Macedonia (South Serbia)
Ochrid II

WE sat for a time by the Church of Sveti Yovan. There were no yellow flowers any more, but a great deal of small purple stock. Presently the lake became a savage green and it grew cold, and we climbed a hill to the fortress, which is no more than a small encircling the summit, girt with olive orchards and country houses built in the Turkish style, now wistful in decay. We let Constantine and Gerda go on ahead and trespassed among the fruit trees of the loveliest of all these houses, which, with its pale plaster, its grey and crumbling woodwork, was like a ghost, not nearly as substantial as the blossom round it. But a violent storm opened above us like a flower, and we hurried down towards the hotel. We had not got far, however, when Constantine and Gerda called to us from a garden.
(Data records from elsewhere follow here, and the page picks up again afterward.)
text \<open>Tensorisation. For a symmetric convex set A in R^n let A^2 in R^(2n) be the set of points
  both of whose halves lie in A. It is again symmetric and convex, gamma_2n(A^2) = gamma_n(A)^2,
  and squaring commutes with intersections and Minkowski sums. Applying the hypothesis in
  dimension 2^k d to the k-fold squares of K and T therefore gives X^(2^k) \<ge> c(2^k d) Q^(2^k),
  where X and Q are the two sides of the inequality. Taking 2^k-th roots and letting k \<rightarrow> \<infinity>
  removes the constant, because c(2^k d)^(1/2^k) = (c(N)^(1/N))^d \<rightarrow> 1 along N = 2^k d.\<close>

lemma completion_sandwich:
  assumes S: "S \<in> sets M" and null: "C - S \<in> null_sets M" and "S \<subseteq> A" "A \<subseteq> C"
  shows "A \<in> sets (completion M)" and "emeasure (completion M) A = emeasure M S"
proof -
  have C_eq: "C = S \<union> (C - S)" using \<open>S \<subseteq> A\<close> \<open>A \<subseteq> C\<close> by auto
  then have C: "C \<in> sets M" using S null by (metis null_setsD2 sets.Un)
  show A: "A \<in> sets (completion M)"
    using S null \<open>S \<subseteq> A\<close> \<open>A \<subseteq> C\<close> by (intro sets_completionI[of A S "A - S" "C - S"]) auto
  have "emeasure M S \<le> emeasure (completion M) A"
    using emeasure_mono[OF \<open>S \<subseteq> A\<close> A] S by simp
  moreover have "emeasure (completion M) A \<le> emeasure M C"
    using emeasure_mono[OF \<open>A \<subseteq> C\<close>, of "completion M"] C by simp
  moreover have "emeasure M C = emeasure M S"
    using emeasure_Un_null_set[OF S null] C_eq by simp
  ultimately show "emeasure (completion M) A = emeasure M S" by simp
qed

abbreviation gauss1 :: "real measure" where
  "gauss1 \<equiv> density lborel std_normal_density"

abbreviation gauss_prod :: "nat \<Rightarrow> (nat \<Rightarrow> real) measure" where
  "gauss_prod n \<equiv> PiM {..<n} (\<lambda>_. gauss1)"

lemma prob_space_gauss1: "prob_space gauss1"
  using prob_space_normal_density[of 1 0] by simp

interpretation gauss1: product_sigma_finite "\<lambda>_::nat. gauss1"
  by (simp add: product_sigma_finite_def prob_space_imp_sigma_finite prob_space_gauss1)

lemma prob_space_gauss_prod: "prob_space (gauss_prod n)"
  by (rule prob_space_PiM) (simp add: prob_space_gauss1)

lemma space_gauss_prod: "space (gauss_prod n) = RN n"
  by (simp add: space_PiM RN_def)

lemma gauss_eq_completion: "gauss n = completion (gauss_prod n)"
  by (simp add: gauss_def)

subsection \<open>Splitting R^2n into two halves\<close>

definition split_coords :: "nat \<Rightarrow> (nat \<Rightarrow> real) \<Rightarrow> (nat \<Rightarrow> real) \<times> (nat \<Rightarrow> real)" where
  "split_coords n z = (restrict z {..<n}, \<lambda>i\<in>{..<n}. z (i + n))"

definition join_coords :: "nat \<Rightarrow> (nat \<Rightarrow> real) \<times> (nat \<Rightarrow> real) \<Rightarrow> (nat \<Rightarrow> real)" where
  "join_coords n p = (\<lambda>i\<in>{..<2*n}. if i < n then fst p i else snd p (i - n))"

lemma join_coords_RN: "join_coords n p \<in> RN (2*n)"
  by (simp add: join_coords_def RN_def)

lemma split_join_coords: "x \<in> RN n \<Longrightarrow> y \<in> RN n \<Longrightarrow> split_coords n (join_coords n (x, y)) = (x, y)"
  by (auto simp: split_coords_def join_coords_def RN_def PiE_iff extensional_def fun_eq_iff)

lemma split_coords_inj_on: "inj_on (split_coords n) (RN (2*n))"
proof (rule inj_onI)
  fix z w assume z: "z \<in> RN (2*n)" and w: "w \<in> RN (2*n)" and eq: "split_coords n z = split_coords n w"
  show "z = w"
  proof
    fix i
    show "z i = w i"
    proof (cases "i < n" "i < 2*n" rule: case_split[case_product case_split])
      case False_True
      then have "i - n < n" by simp
      then have "z ((i - n) + n) = w ((i - n) + n)"
        using eq by (simp add: split_coords_def fun_eq_iff) (metis (no_types, lifting))
      with False_True show ?thesis by simp
    qed (use eq z w in \<open>auto simp: split_coords_def fun_eq_iff RN_def PiE_iff extensional_def
                             dest: spec[of _ i]\<close>)
  qed
qed

lemma split_coords_pointwise:
  "split_coords n (\<lambda>i\<in>{..<2*n}. f (x i) (y i)) =
    ((\<lambda>i\<in>{..<n}. f (fst (split_coords n x) i) (fst (split_coords n y) i)),
     (\<lambda>i\<in>{..<n}. f (snd (split_coords n x) i) (snd (split_coords n y) i)))"
  by (auto simp: split_coords_def fun_eq_iff)

lemma split_coords_measurable: "split_coords n \<in> gauss_prod (2*n) \<rightarrow>\<^sub>M gauss_prod n \<Otimes>\<^sub>M gauss_prod n"
  unfolding split_coords_def
  by (intro measurable_Pair measurable_restrict) (auto intro!: measurable_component_singleton)

lemma join_coords_measurable: "join_coords n \<in> gauss_prod n \<Otimes>\<^sub>M gauss_prod n \<rightarrow>\<^sub>M gauss_prod (2*n)"
  unfolding join_coords_def
proof (rule measurable_restrict)
  fix i assume "i \<in> {..<2*n}"
  then show "(\<lambda>p. if i < n then fst p i else snd p (i - n)) \<in> gauss_prod n \<Otimes>\<^sub>M gauss_prod n \<rightarrow>\<^sub>M gauss1"
    by (cases "i < n") (simp_all, measurable)
qed

lemma all_less_double_iff: "(\<forall>i<2*(n::nat). P i) \<longleftrightarrow> (\<forall>i<n. P i) \<and> (\<forall>i<n. P (i + n))"
proof safe
  fix i assume "\<forall>i<n. P i" "\<forall>i<n. P (i + n)" "i < 2*n"
  then show "P i" by (cases "i < n") (auto dest: spec[of _ "i - n"])
qed auto

lemma PiE_double_iff:
  "z \<in> RN (2*n) \<Longrightarrow> z \<in> PiE {..<2*n} A \<longleftrightarrow>
     fst (split_coords n z) \<in> PiE {..<n} A \<and> snd (split_coords n z) \<in> PiE {..<n} (\<lambda>i. A (i + n))"
  using all_less_double_iff[of n "\<lambda>i. z i \<in> A i"]
  by (simp add: split_coords_def RN_def PiE_iff lessThan_iff Ball_def)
They were sitting at a table under an acacia tree with a dozen people, and they said, "Come in, it is the birthday of the man who lives here, and they want us all to drink a glass of wine."

There came forward to welcome us a young man who looked like a great many Londoners, who might have been the office wag in a small City business, and his wife, who was lovely but too thin and too pallid. There is a great deal of anemia among Yugoslavian women. We sat down at a table, and they gave us a great deal of wine, very quickly, and even more food. There was a tart filled with spinach, exquisite yoghourt, and a wonderful sweet made of flour drawn fine as coconut and flavoured with orange and chopped nuts. The husband explained that he had made all these himself, since he was a pastrycook, and deserved no credit, for his family had been pastrycooks since timeout of mind, "as many of our people are," he said, "for we are Bulgarians." He said that he had three brothers away working abroad. "Where are they?" asked Constantine. There was a pause. We had been in the town over twelve hours, and of course everybody knew that he was a Government official. "One in Australia and two in Bulgaria," said the pastry-cook. These were evidently not only Bulgarians, but Bulgarian adherents, who kept up the connection with the country of their allegiance.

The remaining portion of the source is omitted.